Книга Франсуаза, или Путь к леднику - Сергей Носов
Шрифт:
Интервал:
Закладка:
Он был почему-то уверен, что сын придет не один: для знакомства- представления лучше, чем Новый год, не найти повода. Он так и сказал, приглашая: «Можешь не один, понял?» Федя ответил в трубку: «Ну да, конечно». А что это значит «ну да, конечно?» «Ну да, конечно» - это «один» или «не один»? По-видимому, «не один», иначе бы сын обязательно нашел отговорку, чтобы не встречать Новый год вместе с родным родителем. Если он так быстро согласился, что-то за этим значит стояло. Наверное, «не один». Вот как рассуждал Адмиралов.
Оказалось, однако, «один».
Дина открыла дверь, но входить Федор не торопился: шапка в снегу, пальто в снегу, ботинки в снегу, - топал ногами, отряхивался. Адмиралов заглянул через плечо Дины, нет ли кого еще на лестничной площадке.

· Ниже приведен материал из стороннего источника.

lemma is_clique_walk_adj:
  assumes "is_clique {0..<n} E C" "Z \<subseteq> D_of n X l C"
  shows "is_clique (walks n X l) (walk_adj E n) Z"
proof -
  have "walk_adj E n w1 w2" if "w1 \<in> Z" "w2 \<in> Z" "w1 \<noteq> w2" for w1 w2
  proof -
    have "set w1 \<union> set w2 \<subseteq> C" using assms(2) that by (auto simp: D_of_def)
    then show ?thesis using that(3) is_clique_subset[OF assms(1)] by (simp add: walk_adj_def)
  qed
  moreover have "Z \<subseteq> walks n X l" using assms(2) D_of_subset_walks by blast
  ultimately show ?thesis by (simp add: is_clique_def)
qed

theorem mainTheorem8:
  fixes n d :: nat and lam :: real and E X :: "nat \<Rightarrow> nat \<Rightarrow> bool"
    and Cs Cg :: "nat set"
  defines "V \<equiv> {0..<n}"
  defines "\<omega> \<equiv> clique_number V E"
  defines "l \<equiv> nat \<lceil>log 2 (real n)\<rceil>"
  defines "W \<equiv> walks n X l"
  assumes G: "simple_graph V E"
    and Cs: "is_clique V E Cs" "card Cs = \<omega>"
    and Cg: "is_clique V E Cg" "card Cg = \<omega>"
    and X: "expander n X d lam"
    and base_nonneg: "(real \<omega> - 1) / real (card V) - 2 * (lam / real d) \<ge> 0"
    and hyp: "real (reconf_val V E Cs Cg) \<ge> real \<omega> - 1"
  shows "real (reconf_val W (walk_adj E n) (D_of n X l Cs) (D_of n X l Cg))
           \<ge> real (card W) * ((real \<omega> - 1) / real (card V) - 2 * (lam / real d)) ^ l"
proof -
  have "finite V" "card V = n" by (simp_all add: V_def)
  obtain xs where xs: "reconf_seq V E Cs Cg xs"
    and xs_min: "\<forall>A\<in>set xs. reconf_val V E Cs Cg \<le> card A"
    using reconf_val_attained[OF \<open>finite V\<close> Cs(1) Cg(1)] .
  have large: "real \<omega> - 1 \<le> card A" and clique: "is_clique V E A" if "A \<in> set xs" for A
    using xs_min hyp xs that by (auto simp: reconf_seq_def)
  show ?thesis
    unfolding W_def
  proof (rule reconf_val_lift[OF finite_walks xs D_of_mono])
    fix A assume A: "A \<in> set xs"
    then have "A \<subseteq> {0..<n}" using clique by (simp add: is_clique_def V_def)
    show "finite (D_of n X l A)"
      by (rule finite_subset[OF D_of_subset_walks finite_walks])
    show "is_clique (walks n X l) (walk_adj E n) Z" if "Z \<subseteq> D_of n X l A" for Z
      using clique[OF A] that unfolding V_def by (rule is_clique_walk_adj)
    show "real (card (walks n X l)) * ((real \<omega> - 1) / real (card V) - 2 * (lam / real d)) ^ l
        \<le> card (D_of n X l A)"
      unfolding D_of_eq_walks_in[OF \<open>A \<subseteq> {0..<n}\<close>]
      using large[OF A] \<open>card V = n\<close> base_nonneg
      by (intro card_walks_in_ge[OF X \<open>A \<subseteq> {0..<n}\<close>]) (auto intro: divide_right_mono)
  qed
qed

end
(* Let $A=\mathbb{C}[x,y,z]$, let $s,t\in A\setminus\{0\}$ be coprime and equip $A$ with the Poisson bracket $\{x,y\}=t s_z-s t_z$, $\{y,z\}=t s_x-s t_x$, $\{z,x\}=t s_y-s t_y$. Let $(\lambda,\mu)\in\mathbb{P}^1(\mathbb{C})$ be such that $f_{\lambda,\mu}:=\lambda s-\mu t$ is a non-zero non-unit and let $u$ be an irreducible factor of $f_{\lambda,\mu}$ in $A$. Then $f_{\lambda,\mu}A$ is a Poisson ideal and $uA$ is a Poisson prime ideal of $A$.
   Context: Subscripts denote partial derivatives. A Poisson ideal is an ideal $I$ with $\{a,I\}\subseteq I$ for all $a\in A$; a Poisson prime ideal is a Poisson ideal that is prime. *)

theory Defs
  imports "HOL-Computational_Algebra.Computational_Algebra"
begin

text \<open>A = C[x,y,z] is modelled as ((C[x])[y])[z]: the outermost polynomial
variable is z, the middle one y, the innermost one x.\<close>

type_synonym cpoly3 = "complex poly poly poly"

definition X3 :: cpoly3 where "X3 = [:[:[:0, 1:]:]:]"
definition Y3 :: cpoly3 where "Y3 = [:[:0, 1:]:]"
definition Z3 :: cpoly3 where "Z3 = [:0, 1:]"

definition const3 :: "complex \<Rightarrow> cpoly3" where "const3 c = [:[:[:c:]:]:]"

definition dx :: "cpoly3 \<Rightarrow> cpoly3" where "dx f = map_poly (map_poly pderiv) f"
definition dy :: "cpoly3 \<Rightarrow> cpoly3" where "dy f = map_poly pderiv f"
definition dz :: "cpoly3 \<Rightarrow> cpoly3" where "dz f = pderiv f"

definition pbr :: "cpoly3 \<Rightarrow> cpoly3 \<Rightarrow> cpoly3 \<Rightarrow> cpoly3 \<Rightarrow> cpoly3" where
  "pbr s t f g =
     (t * dx s - s * dx t) * (dy f * dz g - dz f * dy g)
   + (t * dy s - s * dy t) * (dz f * dx g - dx f * dz g)
   + (t * dz s - s * dz t) * (dx f * dy g - dy f * dx g)"

definition is_ideal :: "'a::comm_ring_1 set \<Rightarrow> bool" where
  "is_ideal I \<longleftrightarrow> 0 \<in> I \<and> (\<forall>a\<in>I. \<forall>b\<in>I. a + b \<in> I) \<and> (\<forall>r. \<forall>a\<in>I. r * a \<in> I)"

definition is_prime_ideal :: "'a::comm_ring_1 set \<Rightarrow> bool" where
  "is_prime_ideal I \<longleftrightarrow> is_ideal I \<and> I \<noteq> UNIV \<and> (\<forall>a b. a * b \<in> I \<longrightarrow> a \<in> I \<or> b \<in> I)"

definition principal_ideal :: "'a::comm_ring_1 \<Rightarrow> 'a set" where
  "principal_ideal f = {f * a | a. True}"

definition poisson_ideal :: "('a \<Rightarrow> 'a \<Rightarrow> 'a) \<Rightarrow> 'a::comm_ring_1 set \<Rightarrow> bool" where
  "poisson_ideal br I \<longleftrightarrow> is_ideal I \<and> (\<forall>a. \<forall>b\<in>I. br a b \<in> I)"

definition poisson_prime_ideal :: "('a \<Rightarrow> 'a \<Rightarrow> 'a) \<Rightarrow> 'a::comm_ring_1 set \<Rightarrow> bool" where
  "poisson_prime_ideal br I \<longleftrightarrow> poisson_ideal br I \<and> is_prime_ideal I"

end

theory Submission
  imports Defs "HOL-Computational_Algebra.Field_as_Ring"
begin

text \<open>Write \<open>W(s,t) = t \<nabla>s - s \<nabla>t\<close>, so that \<open>{a,b} = W(s,t) \<cdot> (\<nabla>a \<times> \<nabla>b)\<close>.
  Since \<open>W\<close> is bilinear over constants and alternating, \<open>\<lambda> W(s,t) = W(f,t)\<close> for
  \<open>f = \<lambda>s - \<mu>t\<close>. If \<open>f = u g\<close> then \<open>W(u g, t) = u W(g,t) + t g \<nabla>u\<close>, and the second
  summand is killed by the triple product with \<open>\<nabla>u\<close>; hence \<open>\<lambda> {a,u} \<in> u A\<close>. As
  \<open>{a,-}\<close> is a derivation, \<open>u A\<close> is then a Poisson ideal (for \<open>\<lambda> = 0\<close> swap \<open>s\<close> and
  \<open>t\<close>), and it is prime because irreducible elements of the factorial ring \<open>A\<close> are prime.\<close>

definition is_derivation :: "('a::comm_ring_1 \<Rightarrow> 'a) \<Rightarrow> bool" where
  "is_derivation D \<longleftrightarrow> (\<forall>a b. D (a + b) = D a + D b) \<and> (\<forall>a b. D (a * b) = a * D b + D a * b)"

lemma derivation_add: "is_derivation D \<Longrightarrow> D (a + b) = D a + D b"
  unfolding is_derivation_def by blast

lemma derivation_mult: "is_derivation D \<Longrightarrow> D (a * b) = a * D b + D a * b"
  unfolding is_derivation_def by blast

lemma derivation_0: "is_derivation D \<Longrightarrow> D 0 = 0"
  using derivation_add[of D 0 0] by simp

lemma derivation_diff: "is_derivation D \<Longrightarrow> D (a - b) = D a - D b"
  using derivation_add[of D "a - b" b] by (simp add: algebra_simps)

lemma derivation_sum: "is_derivation D \<Longrightarrow> D (sum f A) = (\<Sum>i\<in>A. D (f i))"
  by (induction A rule: infinite_finite_induct) (simp_all add: derivation_0 derivation_add)

lemma is_derivation_pderiv: "is_derivation (pderiv :: 'a::idom poly \<Rightarrow> _)"
  unfolding is_derivation_def by (simp add: pderiv_add pderiv_mult algebra_simps)

lemma is_derivation_map_poly:
  assumes D: "is_derivation D"
  shows "is_derivation (map_poly D)"
proof -
  have D0: "D 0 = 0" using D by (rule derivation_0)
  have "map_poly D (p * q) = p * map_poly D q + map_poly D p * q" for p q
  proof (rule poly_eqI)
    fix n
    have "coeff (map_poly D (p * q)) n = D (\<Sum>i\<le>n. coeff p i * coeff q (n - i))"
      by (simp add: coeff_map_poly D0 coeff_mult)
    also have "\<dots> = (\<Sum>i\<le>n. coeff p i * D (coeff q (n - i))) + (\<Sum>i\<le>n. D (coeff p i) * coeff q (n - i))"
      by (simp add: derivation_sum[OF D] derivation_mult[OF D] sum.distrib)
    also have "\<dots> = coeff (p * map_poly D q + map_poly D p * q) n"
      by (simp add: coeff_mult coeff_map_poly D0)
    finally show "coeff (map_poly D (p * q)) n = coeff (p * map_poly D q + map_poly D p * q) n" .
  qed
  moreover have "map_poly D (p + q) = map_poly D p + map_poly D q" for p q
    by (rule poly_eqI) (simp add: coeff_map_poly D0 derivation_add[OF D])
  ultimately show ?thesis
    unfolding is_derivation_def by blast
qed

lemma is_derivation_dx: "is_derivation dx"
  unfolding dx_def[abs_def] by (intro is_derivation_map_poly is_derivation_pderiv)

lemma is_derivation_dy: "is_derivation dy"
  unfolding dy_def[abs_def] by (intro is_derivation_map_poly is_derivation_pderiv)

lemma is_derivation_dz: "is_derivation dz"
  unfolding dz_def[abs_def] by (rule is_derivation_pderiv)

lemma derivative_const3: "dx (const3 c) = 0" "dy (const3 c) = 0" "dz (const3 c) = 0"
  by (simp_all add: dx_def dy_def dz_def const3_def pderiv_pCons map_poly_pCons)

definition wronskian :: "('a::comm_ring_1 \<Rightarrow> 'a) \<Rightarrow> 'a \<Rightarrow> 'a \<Rightarrow> 'a" where
  "wronskian D f g = f * D g - D f * g"

lemma wronskian_combination_right:
  assumes "is_derivation D" "D l = 0" "D m = 0"
  shows "wronskian D t (l * s - m * t) = l * wronskian D t s"
  using assms by (simp add: wronskian_def derivation_diff derivation_mult algebra_simps)

lemma wronskian_mult_right:
  assumes "is_derivation D"
  shows "wronskian D t (u * g) = u * wronskian D t g + t * g * D u"
  using assms by (simp add: wronskian_def derivation_mult algebra_simps)

definition jacobian_bracket ::
    "('a::comm_ring_1 \<Rightarrow> 'a) \<Rightarrow> ('a \<Rightarrow> 'a) \<Rightarrow> ('a \<Rightarrow> 'a) \<Rightarrow> 'a \<Rightarrow> 'a \<Rightarrow> 'a \<Rightarrow> 'a \<Rightarrow> 'a" where
  "jacobian_bracket D1 D2 D3 s t a b =
     wronskian D1 t s * (D2 a * D3 b - D3 a * D2 b)
   + wronskian D2 t s * (D3 a * D1 b - D1 a * D3 b)
   + wronskian D3 t s * (D1 a * D2 b - D2 a * D1 b)"

lemma pbr_eq_jacobian_bracket: "pbr s t = jacobian_bracket dx dy dz s t"
  by (simp add: fun_eq_iff pbr_def jacobian_bracket_def wronskian_def mult.commute)

lemma jacobian_bracket_swap: "jacobian_bracket D1 D2 D3 t s a b = - jacobian_bracket D1 D2 D3 s t a b"
  by (simp add: jacobian_bracket_def wronskian_def algebra_simps)

lemma jacobian_bracket_combination_left:
  assumes "is_derivation D1" "is_derivation D2" "is_derivation D3"
    and "D1 l = 0" "D2 l = 0" "D3 l = 0" "D1 m = 0" "D2 m = 0" "D3 m = 0"
  shows "jacobian_bracket D1 D2 D3 (l * s - m * t) t a b = l * jacobian_bracket D1 D2 D3 s t a b"
  using assms by (simp add: jacobian_bracket_def wronskian_combination_right algebra_simps)

lemma jacobian_bracket_mult_left_self:
  assumes "is_derivation D1" "is_derivation D2" "is_derivation D3"
  shows "jacobian_bracket D1 D2 D3 (u * g) t a u = u * jacobian_bracket D1 D2 D3 g t a u"
  unfolding jacobian_bracket_def wronskian_mult_right[OF assms(1)]
    wronskian_mult_right[OF assms(2)] wronskian_mult_right[OF assms(3)]
  by (simp add: algebra_simps)

lemma jacobian_bracket_mult_right:
  assumes "is_derivation D1" "is_derivation D2" "is_derivation D3"
  shows "jacobian_bracket D1 D2 D3 s t a (u * c)
    = u * jacobian_bracket D1 D2 D3 s t a c + c * jacobian_bracket D1 D2 D3 s t a u"
  using assms by (simp add: jacobian_bracket_def derivation_mult algebra_simps)

lemma dvd_jacobian_bracket_self:
  assumes D: "is_derivation D1" "is_derivation D2" "is_derivation D3"
    and const: "D1 l = 0" "D2 l = 0" "D3 l = 0" "D1 m = 0" "D2 m = 0" "D3 m = 0"
    and "is_unit l" and "u dvd l * s - m * t"
  shows "u dvd jacobian_bracket D1 D2 D3 s t a u"
proof -
  obtain g where g: "l * s - m * t = u * g"
    using \<open>u dvd l * s - m * t\<close> by (rule dvdE)
  have "l * jacobian_bracket D1 D2 D3 s t a u = jacobian_bracket D1 D2 D3 (l * s - m * t) t a u"
    using D const by (rule jacobian_bracket_combination_left[symmetric])
  also have "\<dots> = jacobian_bracket D1 D2 D3 (u * g) t a u"
    by (simp only: g)
  also have "\<dots> = u * jacobian_bracket D1 D2 D3 g t a u"
    using D by (rule jacobian_bracket_mult_left_self)
  finally have "u dvd l * jacobian_bracket D1 D2 D3 s t a u"
    by simp
  with \<open>is_unit l\<close> show ?thesis
    by (simp add: dvd_mult_unit_iff')
qed

lemma is_unit_const3: "c \<noteq> 0 \<Longrightarrow> is_unit (const3 c)"
  by (simp add: const3_def is_unit_const_poly_iff dvd_field_iff)

lemma dvd_pbr_self:
  assumes "(la, mu) \<noteq> (0, 0)" and "u dvd const3 la * s - const3 mu * t"
  shows "u dvd pbr s t a u"
proof (cases "la = 0")
  case False
  show ?thesis
    unfolding pbr_eq_jacobian_bracket
    by (rule dvd_jacobian_bracket_self[OF is_derivation_dx is_derivation_dy is_derivation_dz
          derivative_const3 derivative_const3 is_unit_const3[OF False] assms(2)])
next
  case True
  with assms(1) have "- mu \<noteq> 0" by simp
  have const3_uminus: "const3 (- c) = - const3 c" for c
    by (simp add: const3_def)
  have swap: "const3 la * s - const3 mu * t = const3 (- mu) * t - const3 (- la) * s"
    unfolding const3_uminus by (simp add: algebra_simps)
  have "u dvd jacobian_bracket dx dy dz t s a u"
    by (rule dvd_jacobian_bracket_self[OF is_derivation_dx is_derivation_dy is_derivation_dz
          derivative_const3 derivative_const3 is_unit_const3[OF \<open>- mu \<noteq> 0\<close>]
          assms(2)[unfolded swap]])
  then show ?thesis
    by (simp add: pbr_eq_jacobian_bracket jacobian_bracket_swap[of dx dy dz t s])
qed

lemma principal_ideal_eq: "principal_ideal f = {a. f dvd a}"
  by (auto simp: principal_ideal_def)

lemma is_ideal_principal_ideal: "is_ideal (principal_ideal f)"
  by (simp add: is_ideal_def principal_ideal_eq)

lemma poisson_ideal_principal_ideal:
  assumes "\<And>a c. br a (u * c) = u * br a c + c * br a u" and "\<And>a. u dvd br a u"
  shows "poisson_ideal br (principal_ideal u)"
  using assms is_ideal_principal_ideal[of u] by (auto simp: poisson_ideal_def principal_ideal_eq)

lemma is_prime_ideal_principal_ideal:
  "prime_elem p \<Longrightarrow> is_prime_ideal (principal_ideal p)"
  using is_ideal_principal_ideal[of p]
  by (auto simp: is_prime_ideal_def principal_ideal_eq prime_elem_dvd_mult_iff dest: prime_elem_not_unit)

theorem lemma3p4:
  fixes s t u :: cpoly3 and la mu :: complex
  assumes "s \<noteq> 0" and "t \<noteq> 0" and "coprime s t"
    and "(la, mu) \<noteq> (0, 0)"
    and "const3 la * s - const3 mu * t \<noteq> 0"
    and "\<not> is_unit (const3 la * s - const3 mu * t)"
    and "irreducible u" and "u dvd (const3 la * s - const3 mu * t)"
  shows "poisson_ideal (pbr s t) (principal_ideal (const3 la * s - const3 mu * t))
       \<and> poisson_prime_ideal (pbr s t) (principal_ideal u)"
proof -
  have leibniz: "pbr s t a (v * c) = v * pbr s t a c + c * pbr s t a v" for a v c
    unfolding pbr_eq_jacobian_bracket
    using is_derivation_dx is_derivation_dy is_derivation_dz by (rule jacobian_bracket_mult_right)
  have "poisson_ideal (pbr s t) (principal_ideal v)"
    if "v dvd const3 la * s - const3 mu * t" for v
    using leibniz dvd_pbr_self[OF assms(4) that] by (rule poisson_ideal_principal_ideal)
  moreover have "is_prime_ideal (principal_ideal u)"
    using \<open>irreducible u\<close> by (intro is_prime_ideal_principal_ideal irreducible_imp_prime_elem)
  ultimately show ?thesis
    using assms(8) by (simp add: poisson_prime_ideal_def)
qed

end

А с чего он решил, что будет кто-то еще? Понадеялся на интуицию?
Был разочарован. Он даже Дину убедил, что будет «не один». На случай «не один» они даже приготовили «для нее» нейтральный новогодний подарок. Все-таки он морально подготовился к предстоящему знакомству и даже настроил себя на максимальную толерантность в отношении возможных качеств подруги сына. Если таковая имеется.
Если таковая имеется, это уже неприлично скрывать ее от отца. Но с другой стороны, как же оно? - не оставил же он ее одну в Новый год? Или оставил? Нет, скорее таковой не имеется.
- Все та же, - кивнул Федя на синтетическую елку, войдя. - Экологическая?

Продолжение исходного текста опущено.